# Kindle fire ?



## mistyd107 (May 22, 2009)

What is the best way to clean the screen of the fire? I've seen a suggestion of baby wipes is that really ok


----------



## Linjeakel (Mar 17, 2010)

Generally speaking, water and electronics are not (as Buffy would say) mixy things.   

But in my experience a soft, lint free and slightly damp cloth, used carefully, is often the best thing for cleaning Kindles and the like. Make sure you don't have it so wet that you squeeze water off the cloth onto the device. Wipe it lightly with a dry cloth first, to get any lose bits of dust etc off, so you don't scratch it when you wipe it a bit more firmly with the damp cloth. Use the dry cloth again afterwards. Chemicals of any kind are to be avoided - and if you use a spray for the water, spray onto the cloth, not directly onto the device.


----------



## Morf (Nov 18, 2010)

I always recommend cleaning screens with a dry cloth and a bit of "Hurrr"...

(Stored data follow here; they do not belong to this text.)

(* Let $T$ be a tournament of odd order $n\ge 5$ and let $c_5(T)$ be the number of directed cycles of length $5$ in $T$. Then $$c_5(T)\le \frac{(n+1)n(n-1)(n-2)(n-3)}{160},$$ with equality if and only if $T$ is doubly regular.
   Context: A tournament is an orientation of a complete graph. A tournament of order $n$ is doubly regular if it is regular (every out-degree equals $\frac{n-1}{2}$) and the out-set of every vertex induces a regular subtournament; equivalently, every two distinct vertices have exactly $\frac{n-3}{4}$ common out-neighbours (this forces $n\equiv 3\pmod 4$). *)

theory Defs
  imports Complex_Main
begin

definition tournament :: "'a set \<Rightarrow> ('a \<Rightarrow> 'a \<Rightarrow> bool) \<Rightarrow> bool" where
  "tournament V E \<longleftrightarrow> finite V \<and>
     (\<forall>x y. E x y \<longrightarrow> x \<in> V \<and> y \<in> V \<and> x \<noteq> y) \<and>
     (\<forall>x\<in>V. \<forall>y\<in>V. x \<noteq> y \<longrightarrow> (E x y \<longleftrightarrow> \<not> E y x))"

definition out_nbrs :: "'a set \<Rightarrow> ('a \<Rightarrow> 'a \<Rightarrow> bool) \<Rightarrow> 'a \<Rightarrow> 'a set" where
  "out_nbrs S E u = {w \<in> S. E u w}"

definition regular_on :: "'a set \<Rightarrow> ('a \<Rightarrow> 'a \<Rightarrow> bool) \<Rightarrow> bool" where
  "regular_on S E \<longleftrightarrow> (\<forall>u\<in>S. 2 * card (out_nbrs S E u) + 1 = card S)"

definition doubly_regular :: "'a set \<Rightarrow> ('a \<Rightarrow> 'a \<Rightarrow> bool) \<Rightarrow> bool" where
  "doubly_regular V E \<longleftrightarrow> regular_on V E \<and> (\<forall>v\<in>V. regular_on (out_nbrs V E v) E)"

definition cyc_arcs :: "'a list \<Rightarrow> ('a \<times> 'a) set" where
  "cyc_arcs xs = set (zip xs (rotate1 xs))"

text \<open>Directed cycles of length 5, each identified with its set of arcs.\<close>
definition cycles5 :: "'a set \<Rightarrow> ('a \<Rightarrow> 'a \<Rightarrow> bool) \<Rightarrow> ('a \<times> 'a) set set" where
  "cycles5 V E = {cyc_arcs xs | xs. length xs = 5 \<and> distinct xs \<and> set xs \<subseteq> V \<and>
                    (\<forall>(a, b) \<in> cyc_arcs xs. E a b)}"

definition c5 :: "'a set \<Rightarrow> ('a \<Rightarrow> 'a \<Rightarrow> bool) \<Rightarrow> nat" where
  "c5 V E = card (cycles5 V E)"

end

theory Submission
  imports Defs
begin

text \<open>
  The number of directed 5-cycles is \<open>tr(A\<^sup>5)/5\<close> for the 0/1 adjacency matrix \<open>A\<close>.
  Write \<open>2A = (J - I) + S\<close> with \<open>S = A - A\<^sup>T\<close> skew-symmetric, let \<open>s = S1\<close> be the vector of
  score excesses (out-degree minus in-degree) and \<open>X = S\<^sup>2 + nI - J\<close>. Then \<open>4A\<^sup>2 = B + K\<close> with
  \<open>B = (n - 1)(J - I) + X\<close> symmetric and \<open>K = s1\<^sup>T - 1s\<^sup>T - 2S\<close> skew-symmetric, and expanding
  \<open>tr(A\<^sup>5) = tr(A (A\<^sup>2)\<^sup>2)\<close> yields
  \<open>160 c\<^sub>5 = (n + 1)n(n - 1)(n - 2)(n - 3) - 5D\<close> where \<open>D = |X|\<^sup>2 - |X1|\<^sup>2 + (n - 2)\<^sup>2|s|\<^sup>2\<close>.

  Since \<open>X1 = Ss\<close> is orthogonal to \<open>s\<close>, a Cauchy-Schwarz argument gives
  \<open>2|X1|\<^sup>2 \<le> n(n - 1)|s|\<^sup>2\<close>. For odd \<open>n\<close> the off-diagonal entries of \<open>S\<^sup>2\<close> are sums of \<open>n - 2\<close>
  signs, hence odd, so all entries of \<open>X\<close> are even; as they sum to \<open>-|s|\<^sup>2\<close>, this gives
  \<open>|X|\<^sup>2 \<ge> 2|s|\<^sup>2\<close>. Hence \<open>2D \<ge> 2(|X|\<^sup>2 - 2|s|\<^sup>2) + (n - 3)(n - 4)|s|\<^sup>2 \<ge> 0\<close>, and \<open>D = 0\<close> forces
  \<open>s = 0\<close> and \<open>X = 0\<close>: the tournament is regular and any two vertices have \<open>(n - 3)/4\<close> common
  out-neighbours, which is double regularity.
\<close>

section \<open>Finite sums of matrix-like expressions\<close>

definition offdiag :: "'a \<Rightarrow> 'a \<Rightarrow> int" where
  "offdiag u v = (if u = v then 0 else 1)"
text \<open>T contains the tree pattern (P,e); e i = True means the edge from i to its
  parent is contiguous (value 1), False means non-contiguous (value 0).\<close>
definition contains :: "nat tree \<Rightarrow> nat tree \<Rightarrow> (nat \<Rightarrow> bool) \<Rightarrow> bool" where
  "contains T P e \<longleftrightarrow> (\<exists>f. inj_on f (set_tree P) \<and> f ` set_tree P \<subseteq> set_tree T \<and>
     (\<forall>v i. lchild P v i \<longrightarrow>
        (if e i then lchild T (f v) (f i) else in_lsub T (f v) (f i))) \<and>
     (\<forall>v i. rchild P v i \<longrightarrow>
        (if e i then rchild T (f v) (f i) else in_rsub T (f v) (f i))))"

definition avoiders :: "nat \<Rightarrow> nat tree \<Rightarrow> (nat \<Rightarrow> bool) \<Rightarrow> nat tree set" where
  "avoiders n P e = {T \<in> BT n. \<not> contains T P e}"

definition P12435 :: "nat tree" where
  "P12435 = Node Leaf 1 (Node Leaf 2 (Node (Node Leaf 3 Leaf) 4 (Node Leaf 5 Leaf)))"

definition e10xy :: "bool \<Rightarrow> bool \<Rightarrow> nat \<Rightarrow> bool" where
  "e10xy x y i = (if i = 2 then True else if i = 4 then False else if i = 3 then x else y)"

end

theory Submission
  imports Defs "HOL-Computational_Algebra.Formal_Power_Series"
begin

(* The edge 2-4 of the pattern is non-contiguous, and the edges 4-3 and 4-5, contiguous or not,
   only force the image of 4 to have two children. Hence a tree contains (12435,10xy) iff the
   right subtree of some right child is not a path, and the avoiders are the trees in which the
   right subtree of every right child is a path. Splitting at the root, the generating functions
   A of these trees, E of those among them whose own right subtree is a path, and
   P = (1 - x)/(1 - 2x) of paths satisfy A = 1 + xAE and E = 1 + xAP. Eliminating E and P gives
   (1 - x)(A - (1 + xA)^2) = -x, which is the recurrence of A176677 for 1, A_0, A_1, ... *)

section \<open>Trees whose right children have paths as right subtrees\<close>

fun path_tree :: "'a tree \<Rightarrow> bool" where
  "path_tree Leaf = True"
| "path_tree (Node l _ r) \<longleftrightarrow> (l = Leaf \<or> r = Leaf) \<and> path_tree l \<and> path_tree r"

(* right_paths_rchild t is the condition on a right child t: in addition, the right subtree
   of t itself must be a path. *)
fun right_paths :: "'a tree \<Rightarrow> bool" and right_paths_rchild :: "'a tree \<Rightarrow> bool" where
  "right_paths Leaf = True"
| "right_paths (Node l _ r) \<longleftrightarrow> right_paths l \<and> right_paths_rchild r"
| "right_paths_rchild Leaf = True"
| "right_paths_rchild (Node l _ r) \<longleftrightarrow> right_paths l \<and> path_tree r"

lemma path_tree_iff_subtrees:
  "path_tree t \<longleftrightarrow> (\<forall>l v r. Node l v r \<in> subtrees t \<longrightarrow> l = Leaf \<or> r = Leaf)"
  by (induction t) (simp_all, blast)

lemma path_tree_imp_right_paths: "path_tree t \<Longrightarrow> right_paths t \<and> right_paths_rchild t"
  by (induction t) auto

lemma right_paths_rchild_iff:
  "right_paths_rchild t \<longleftrightarrow> right_paths t \<and> (case t of Leaf \<Rightarrow> True | Node _ _ r \<Rightarrow> path_tree r)"
  by (cases t) (auto dest: path_tree_imp_right_paths)

lemma right_paths_iff_subtrees:
  "right_paths t \<longleftrightarrow> (\<forall>l u rl v rr. Node l u (Node rl v rr) \<in> subtrees t \<longrightarrow> path_tree rr)"
proof (induction t)
  case (Node l u r)
  then show ?case by (cases r) (auto simp: right_paths_rchild_iff)
qed simp

lemma subtrees_trans: "s \<in> subtrees t \<Longrightarrow> subtrees s \<subseteq> subtrees t"
  by (induction t) auto

lemma distinct_inorder_subtree: "s \<in> subtrees t \<Longrightarrow> distinct (inorder t) \<Longrightarrow> distinct (inorder s)"
  by (induction t) auto

lemma subtrees_same_root_eq:
  "distinct (inorder t) \<Longrightarrow> Node l1 a r1 \<in> subtrees t \<Longrightarrow> Node l2 a r2 \<in> subtrees t \<Longrightarrow>
    l1 = l2 \<and> r1 = r2"
  by (induction t) (auto dest: in_set_tree_if)
lemma repeated_diff_if_toroidal_vec_eq:
  assumes pos: "\<forall>n\<in>set ns. n > 0"
    and dots: "a \<in> dots ns A" "w \<in> dots ns A" "a' \<in> dots ns A" "w' \<in> dots ns A"
    and ne: "a \<noteq> w" "a' \<noteq> w'" "(a, w) \<noteq> (a', w')"
    and tv: "toroidal_vec ns a w = toroidal_vec ns a' w'"
    and not_half: "\<not> has_half_coord ns (toroidal_vec ns a w)"
  shows "\<exists>c. length c = length ns \<and> window_has_repeated_diff ns A c"
proof -
  have box: "a \<in> box ns" "w \<in> box ns" "a' \<in> box ns" "w' \<in> box ns"
    using dots by (simp_all add: dots_def)
  then have len: "length a = length ns" "length w = length ns" "length a' = length ns" "length w' = length ns"
    by (simp_all add: box_def)
  define good where "good i ci \<longleftrightarrow> (w!i - ci) mod int (ns!i) - (a!i - ci) mod int (ns!i)
             = (w'!i - ci) mod int (ns!i) - (a'!i - ci) mod int (ns!i)" for i ci
  have "\<exists>ci. good i ci" if i: "i < length ns" for i
    unfolding good_def
  proof (rule common_window_offset)
    show "int (ns!i) > 0" using pos i by simp
    show "(w!i - a!i) mod int (ns!i) = (w'!i - a'!i) mod int (ns!i)"
      using tv toroidal_vec_nth[OF len(1,2) i] toroidal_vec_nth[OF len(3,4) i] by simp
    show "2 * ((w!i - a!i) mod int (ns!i)) \<noteq> int (ns!i)"
      using not_half i toroidal_vec_nth[OF len(1,2) i]
      by (auto simp: has_half_coord_def length_toroidal_vec[OF len(1,2)])
  qed
  then obtain cf where cf: "\<And>i. i < length ns \<Longrightarrow> good i (cf i)"
    by metis
  define c where "c = map cf [0..<length ns]"
  let ?D = "{x \<in> window_box ns c. per_ext ns A x = 1}"
  have in_D: "window_lift ns c x \<in> ?D" if "x \<in> dots ns A" for x
    using that window_lift_in_window_box[OF pos] per_ext_window_lift[OF pos] by (simp add: dots_def)
  have "diff_vec (window_lift ns c a) (window_lift ns c w) = diff_vec (window_lift ns c a') (window_lift ns c w')"
    using cf by (simp add: diff_vec_window_lift c_def good_def)
  moreover have "window_lift ns c a \<noteq> window_lift ns c w" "window_lift ns c a' \<noteq> window_lift ns c w'"
    "(window_lift ns c a, window_lift ns c w) \<noteq> (window_lift ns c a', window_lift ns c w')"
    using inj_on_window_lift[OF pos, of c] ne box by (auto dest: inj_onD)
  ultimately have "window_has_repeated_diff ns A c"
    unfolding window_has_repeated_diff_def Let_def using in_D dots by blast
  moreover have "length c = length ns" by (simp add: c_def)
  ultimately show ?thesis by blast
qed

lemma dots_eq_graph:
  assumes "is_perm_array_wrt ns k \<phi> A"
  shows "dots ns A = (\<lambda>x. x @ \<phi> x) ` box (take k ns)"
proof -
  have k: "k < length ns" and bij: "bij_betw \<phi> (box (take k ns)) (box (drop k ns))"
    and A: "\<And>a. a \<in> box ns \<Longrightarrow> A a = 1 \<longleftrightarrow> \<phi> (take k a) = drop k a"
    using assms by (auto simp: is_perm_array_wrt_def)
  have "a \<in> dots ns A \<longleftrightarrow> (\<exists>x\<in>box (take k ns). a = x @ \<phi> x)" for a
  proof
    assume "a \<in> dots ns A"
    then show "\<exists>x\<in>box (take k ns). a = x @ \<phi> x"
      using A box_iff_take_drop[of a ns k] by (auto simp: dots_def intro!: bexI[of _ "take k a"])
  next
    assume "\<exists>x\<in>box (take k ns). a = x @ \<phi> x"
    then obtain x where x: "x \<in> box (take k ns)" and a: "a = x @ \<phi> x" by blast
    have "\<phi> x \<in> box (drop k ns)" using bij_betw_apply[OF bij x] .
    moreover have "length x = k" using x k by (simp add: box_def)
    ultimately show "a \<in> dots ns A"
      using x a A box_iff_take_drop[of a ns k] by (auto simp: dots_def box_def)
  qed
  then show ?thesis by blast
qed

Lean close to the screen, go "hhhhuuuuurrrrhhhhh" so it mists up slightly, then polish it with the cloth.

I would be careful of any chemical cleaner - even baby wipes - unless there are marks that can't be shifted any other way.


----------



## Ann in Arlington (Oct 27, 2008)

These work really well:


----------



## SusanCassidy (Nov 9, 2008)

Baby wipes often have lanolin or some other oily substance in them - not good for screens.


----------



## dmcounts (Nov 26, 2009)

I just wipe it across the front of my T Shirt a couple of times.

don


----------



## mistyd107 (May 22, 2009)

the baby wipes sounded wrong to me  which is why i asked.when i read it thx for the suggestions?  What about using monitor wipes if we needed moisture? would that work


----------



## dmcounts (Nov 26, 2009)

Gorilla Glass.

http://gizmodo.com/5726124/what-is-gorilla-glass



> Drop it, smack it, or shoot it with an air rifle, and chances are you won't break, or even scratch, a piece of Gorilla Glass. Our own Brian Barrett went hands-on with a panel some time ago, and came away impressed:
> 
> Gorilla Glass is an unscratchable, unshatterable material used as a protective window for your mobile phone, PMP, or laptop display. It's in 65 products already, and I can assure you that the very nice man from Corning is not faking it. Your intrepid reporter also gave this several tries with all his blogger strength, and couldn't make a dent. I was, however, able to scratch the heck out of some polycarbonate.


My concern is to not get any liquid inside the Fire not so much damaging the glass screen.

don


----------



## Meemo (Oct 27, 2008)

If it isn't too dirty, just my fingerprints, I just wipe it across my t-shirted belly (assuming I'm wearing a soft t-shirt or sweatshirt or something).  If the grandkids have gotten grubby fingerprints all over it (I can literally feel when they've been using my phone or iPad or Fire!), then I use the cleaner we use on the computer monitor, I spray it on a microfiber cloth and clean the screen.  Or if I'm cleaning my glasses with lens wipes, I'll give the screens of my Fire/iPad/iPhone a swipe if they're nearby.  

You're right, though - baby wipes don't make sense - they've likely to have something that would leave a film behind on the screen.


----------